蓮華は前に会った時、気性の激しかった椿を知っている。
蓮華を殴りつけた時の椿と今の椿は変わり過ぎていた。

「──……あの時…あなたを殴った事は後悔していません。だから謝りませんから…」
「ああ…」
「今日は鞠花の事で…失礼だと思ったんですが…お願いが…」
「…」

椿の下向な物言いに蓮華は内心驚いている。
変わったと言っても、嫌いな奴にこんな態度をとるなんて…

「…何か…あったのか?」
「──……鞠花は…あなたを愛しています。昔から…ずっと…」
「えっ…」

「……俺は……鞠花の傷を知っています。俺と似た傷です。…傷を持つ者同士が一緒にいれば落ち着きます。お互いの傷を…分かち合えるから…」
「傷…?」

「……俺は鞠花を愛していますが…〈鞠花〉は俺に愛はありません。〈友愛〉と言う傷の依存です」
「…依存…?」

「俺は…もうすぐ死にます。

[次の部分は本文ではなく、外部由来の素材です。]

text \<open>Both the Shapley operator T and every policy operator are \<alpha>-contractions in the sup
  norm, and J* is a fixed point of T. Writing e = \<parallel>V - J*\<parallel> and W = T^(H-1) V, we get
  \<parallel>W - J*\<parallel> \<le> \<alpha>^(H-1) e and \<parallel>T W - W\<parallel> \<le> (\<alpha>^H + \<alpha>^(H-1)) e. The lookahead condition says
  that the policy operator agrees with T at W, so the geometric series bound for iterates of a
  contraction gives \<parallel>T_\<mu>\<nu>^m W - W\<parallel> \<le> \<parallel>T W - W\<parallel> / (1 - \<alpha>). Hence each step shrinks the error
  by the factor \<alpha>^(H-1) + \<alpha>^(H-1) (1 + \<alpha>) / (1 - \<alpha>), which is at most the claimed rate.\<close>

lemma abs_le_supnorm: "\<bar>f s\<bar> \<le> supnorm (f :: 's::finite \<Rightarrow> real)"
  unfolding supnorm_def by (rule Max_ge) auto

lemma supnorm_leI: "(\<And>s. \<bar>f s\<bar> \<le> c) \<Longrightarrow> supnorm (f :: 's::finite \<Rightarrow> real) \<le> c"
  unfolding supnorm_def by (subst Max_le_iff) auto

lemma supnorm_nonneg: "0 \<le> supnorm (f :: 's::finite \<Rightarrow> real)"
  using abs_le_supnorm[of f undefined] by linarith

lemma supnorm_diff_commute:
  "supnorm (\<lambda>s. f s - h s) = supnorm (\<lambda>s. h s - f s :: real)"
  unfolding supnorm_def by (simp add: abs_minus_commute)

lemma supnorm_diff_triangle:
  fixes f g h :: "'s::finite \<Rightarrow> real"
  shows "supnorm (\<lambda>s. f s - h s) \<le> supnorm (\<lambda>s. f s - g s) + supnorm (\<lambda>s. g s - h s)"
proof (rule supnorm_leI)
  fix s
  show "\<bar>f s - h s\<bar> \<le> supnorm (\<lambda>s. f s - g s) + supnorm (\<lambda>s. g s - h s)"
    using abs_le_supnorm[of "\<lambda>s. f s - g s" s] abs_le_supnorm[of "\<lambda>s. g s - h s" s] by linarith
qed

definition sup_contraction :: "real \<Rightarrow> (('s::finite \<Rightarrow> real) \<Rightarrow> 's \<Rightarrow> real) \<Rightarrow> bool" where
  "sup_contraction \<alpha> F \<longleftrightarrow>
     (\<forall>V V'. supnorm (\<lambda>s. F V s - F V' s) \<le> \<alpha> * supnorm (\<lambda>s. V s - V' s))"

lemma sup_contractionI_one_sided:
  assumes "\<And>V V' s. F V s \<le> F V' s + \<alpha> * supnorm (\<lambda>x. V x - V' x)"
  shows "sup_contraction \<alpha> F"
  unfolding sup_contraction_def
proof (intro allI supnorm_leI)
  fix V V' s
  show "\<bar>F V s - F V' s\<bar> \<le> \<alpha> * supnorm (\<lambda>x. V x - V' x)"
    using assms[of V s V'] assms[of V' s V] supnorm_diff_commute[of V' V]
    by (simp add: abs_le_iff)
qed

lemma sup_contraction_iterate_fixpoint:
  assumes F: "sup_contraction \<alpha> F" and "0 \<le> \<alpha>" and J_fix: "F J = J"
  shows "supnorm (\<lambda>s. (F ^^ j) X s - J s) \<le> \<alpha> ^ j * supnorm (\<lambda>s. X s - J s)"
proof (induction j)
  case (Suc j)
  have "supnorm (\<lambda>s. (F ^^ Suc j) X s - J s) = supnorm (\<lambda>s. F ((F ^^ j) X) s - F J s)"
    by (simp add: J_fix)
  also have "\<dots> \<le> \<alpha> * supnorm (\<lambda>s. (F ^^ j) X s - J s)"
    using F unfolding sup_contraction_def by blast
  also have "\<dots> \<le> \<alpha> * (\<alpha> ^ j * supnorm (\<lambda>s. X s - J s))"
    using Suc \<open>0 \<le> \<alpha>\<close> by (rule mult_left_mono)
  finally show ?case by (simp add: mult.assoc)
qed simp

lemma sup_contraction_iterate_displacement:
  assumes F: "sup_contraction \<alpha> F" and "0 \<le> \<alpha>" "\<alpha> < 1"
  shows "supnorm (\<lambda>s. (F ^^ j) W s - W s) \<le> supnorm (\<lambda>s. F W s - W s) / (1 - \<alpha>)"
proof (induction j)
  case 0
  have "supnorm (\<lambda>s. W s - W s) = 0" by (simp add: supnorm_def)
  then show ?case using \<open>\<alpha> < 1\<close> by (simp add: supnorm_nonneg)
next
  case (Suc j)
  let ?c = "supnorm (\<lambda>s. F W s - W s)"
  have "supnorm (\<lambda>s. (F ^^ Suc j) W s - W s)
      \<le> supnorm (\<lambda>s. F ((F ^^ j) W) s - F W s) + ?c"
    using supnorm_diff_triangle[of "F ((F ^^ j) W)" W "F W"] by simp
  also have "\<dots> \<le> \<alpha> * supnorm (\<lambda>s. (F ^^ j) W s - W s) + ?c"
    using F unfolding sup_contraction_def by (metis add_right_mono)
  also have "\<dots> \<le> \<alpha> * (?c / (1 - \<alpha>)) + ?c"
    using mult_left_mono[OF Suc \<open>0 \<le> \<alpha>\<close>] by simp
  also have "\<dots> = ?c / (1 - \<alpha>)"
    using \<open>\<alpha> < 1\<close> by (simp add: field_simps)
  finally show ?case .
qed

lemma geometric_decay:
  fixes e :: "nat \<Rightarrow> real"
  assumes "0 \<le> \<rho>" and "\<And>k. e (Suc k) \<le> \<rho> * e k"
  shows "e k \<le> \<rho> ^ k * e 0"
proof (induction k)
  case (Suc k)
  have "e (Suc k) \<le> \<rho> * e k" by (rule assms(2))
  also have "\<dots> \<le> \<rho> * (\<rho> ^ k * e 0)" using Suc \<open>0 \<le> \<rho>\<close> by (rule mult_left_mono)
  finally show ?case by (simp add: mult.assoc)
qed simp

lemma lookahead_error_step:
  fixes T Tp :: "('s::finite \<Rightarrow> real) \<Rightarrow> 's \<Rightarrow> real"
  assumes T: "sup_contraction \<alpha> T" and Tp: "sup_contraction \<alpha> Tp"
    and \<alpha>: "0 \<le> \<alpha>" "\<alpha> < 1" and "1 \<le> H"
    and J_fix: "T J = J"
    and lookahead: "Tp ((T ^^ (H - 1)) V) = (T ^^ H) V"
  shows "supnorm (\<lambda>s. (Tp ^^ m) ((T ^^ (H - 1)) V) s - J s)
      \<le> (\<alpha> ^ (H - 1) + \<alpha> ^ (H - 1) * (1 + \<alpha>) / (1 - \<alpha>)) * supnorm (\<lambda>s. V s - J s)"
proof -
  define e where "e = supnorm (\<lambda>s. V s - J s)"
  define W where "W = (T ^^ (H - 1)) V"
  have TW: "T W = (T ^^ H) V"
    unfolding W_def using \<open>1 \<le> H\<close> by (cases H) auto
  have W_err: "supnorm (\<lambda>s. W s - J s) \<le> \<alpha> ^ (H - 1) * e"
    unfolding W_def e_def using T \<alpha>(1) J_fix by (rule sup_contraction_iterate_fixpoint)
  have TW_err: "supnorm (\<lambda>s. T W s - J s) \<le> \<alpha> * (\<alpha> ^ (H - 1) * e)"
    using \<open>1 \<le> H\<close> sup_contraction_iterate_fixpoint[OF T \<alpha>(1) J_fix, of H V]
    unfolding TW e_def by (cases H) auto
  have "Tp W = T W" using lookahead TW unfolding W_def by simp
  then have "supnorm (\<lambda>s. Tp W s - W s) \<le> supnorm (\<lambda>s. T W s - J s) + supnorm (\<lambda>s. J s - W s)"
    using supnorm_diff_triangle[of "T W" W J] by simp
  also have "\<dots> \<le> \<alpha> ^ (H - 1) * (1 + \<alpha>) * e"
    using TW_err W_err supnorm_diff_commute[of J W] by (simp add: algebra_simps)
  finally have "supnorm (\<lambda>s. Tp W s - W s) / (1 - \<alpha>) \<le> \<alpha> ^ (H - 1) * (1 + \<alpha>) * e / (1 - \<alpha>)"
    using \<alpha> by (simp add: divide_right_mono)
  with sup_contraction_iterate_displacement[OF Tp \<alpha>, of m W]
  have displacement: "supnorm (\<lambda>s. (Tp ^^ m) W s - W s) \<le> \<alpha> ^ (H - 1) * (1 + \<alpha>) * e / (1 - \<alpha>)"
    by linarith
  have "supnorm (\<lambda>s. (Tp ^^ m) W s - J s)
      \<le> supnorm (\<lambda>s. (Tp ^^ m) W s - W s) + supnorm (\<lambda>s. W s - J s)"
    by (rule supnorm_diff_triangle)
  also have "\<dots> \<le> (\<alpha> ^ (H - 1) + \<alpha> ^ (H - 1) * (1 + \<alpha>) / (1 - \<alpha>)) * e"
    using displacement W_err by (simp add: algebra_simps)
  finally show ?thesis unfolding W_def e_def .
qed

lemma is_distr_exists: "finite A \<Longrightarrow> A \<noteq> {} \<Longrightarrow> \<exists>p. is_distr A p"
  by (rule exI[of _ "\<lambda>a. if a \<in> A then 1 / card A else 0"])
     (auto simp: is_distr_def card_gt_0_iff)

lemma bil_le_shift:
  assumes "is_distr U p" "is_distr W q"
    and le: "\<And>u v. u \<in> U \<Longrightarrow> v \<in> W \<Longrightarrow> A u v \<le> B u v + c"
  shows "bil U W p A q \<le> bil U W p B q + c"
proof -
  have p: "\<And>u. 0 \<le> p u" "sum p U = 1" and q: "\<And>v. 0 \<le> q v" "sum q W = 1"
    using assms(1,2) unfolding is_distr_def by auto
  have "bil U W p A q \<le> (\<Sum>u\<in>U. \<Sum>v\<in>W. p u * (B u v + c) * q v)"
    unfolding bil_def by (intro sum_mono mult_right_mono mult_left_mono le p q)
  also have "\<dots> = bil U W p B q + (\<Sum>u\<in>U. p u * c * (\<Sum>v\<in>W. q v))"
    by (simp add: bil_def algebra_simps sum.distrib sum_distrib_left)
  also have "\<dots> = bil U W p B q + c"
    by (simp add: q p flip: sum_distrib_right)
  finally show ?thesis .
qed

lemma abs_bil_le:
  assumes "finite U" "finite W" "is_distr U p" "is_distr W q"
  shows "\<bar>bil U W p A q\<bar> \<le> (\<Sum>u\<in>U. \<Sum>v\<in>W. \<bar>A u v\<bar>)"
proof -
  let ?M = "\<Sum>u\<in>U. \<Sum>v\<in>W. \<bar>A u v\<bar>"
  have entry: "\<bar>A u v\<bar> \<le> ?M" if "u \<in> U" "v \<in> W" for u v
  proof -
    have "\<bar>A u v\<bar> \<le> (\<Sum>v\<in>W. \<bar>A u v\<bar>)"
      using that assms by (intro member_le_sum) auto
    also have "\<dots> \<le> ?M"
      using that assms by (intro member_le_sum[where f="\<lambda>u. \<Sum>v\<in>W. \<bar>A u v\<bar>"]) (auto intro: sum_nonneg)
    finally show ?thesis .
  qed
  have "bil U W p A q \<le> bil U W p (\<lambda>_ _. 0) q + ?M"
    using assms(3,4) by (rule bil_le_shift) (use entry in \<open>auto simp: abs_le_iff\<close>)
  moreover have "bil U W p (\<lambda>_ _. 0) q \<le> bil U W p A q + ?M"
    using assms(3,4) by (rule bil_le_shift) (use entry in \<open>force simp: abs_le_iff\<close>)
  ultimately show ?thesis by (simp add: bil_def abs_le_iff)
qed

…鞠花の〈傷〉を分かって、分かち合っていた俺が死んだら…鞠花は自分の〈傷〉を自分だけで抱え、生きないといけない。鞠花には…それが堪えられない…」
「……」

「あなたが…鞠花の支えに…なってあげて下さい。あなたが鞠花の〈傷〉を理解出来なくても…支えには、なれる。あなたは鞠花を…愛してるんだろ…?」
「……俺は…」



俺は
どうすればいい…

今だ
暗闇から光は見えない…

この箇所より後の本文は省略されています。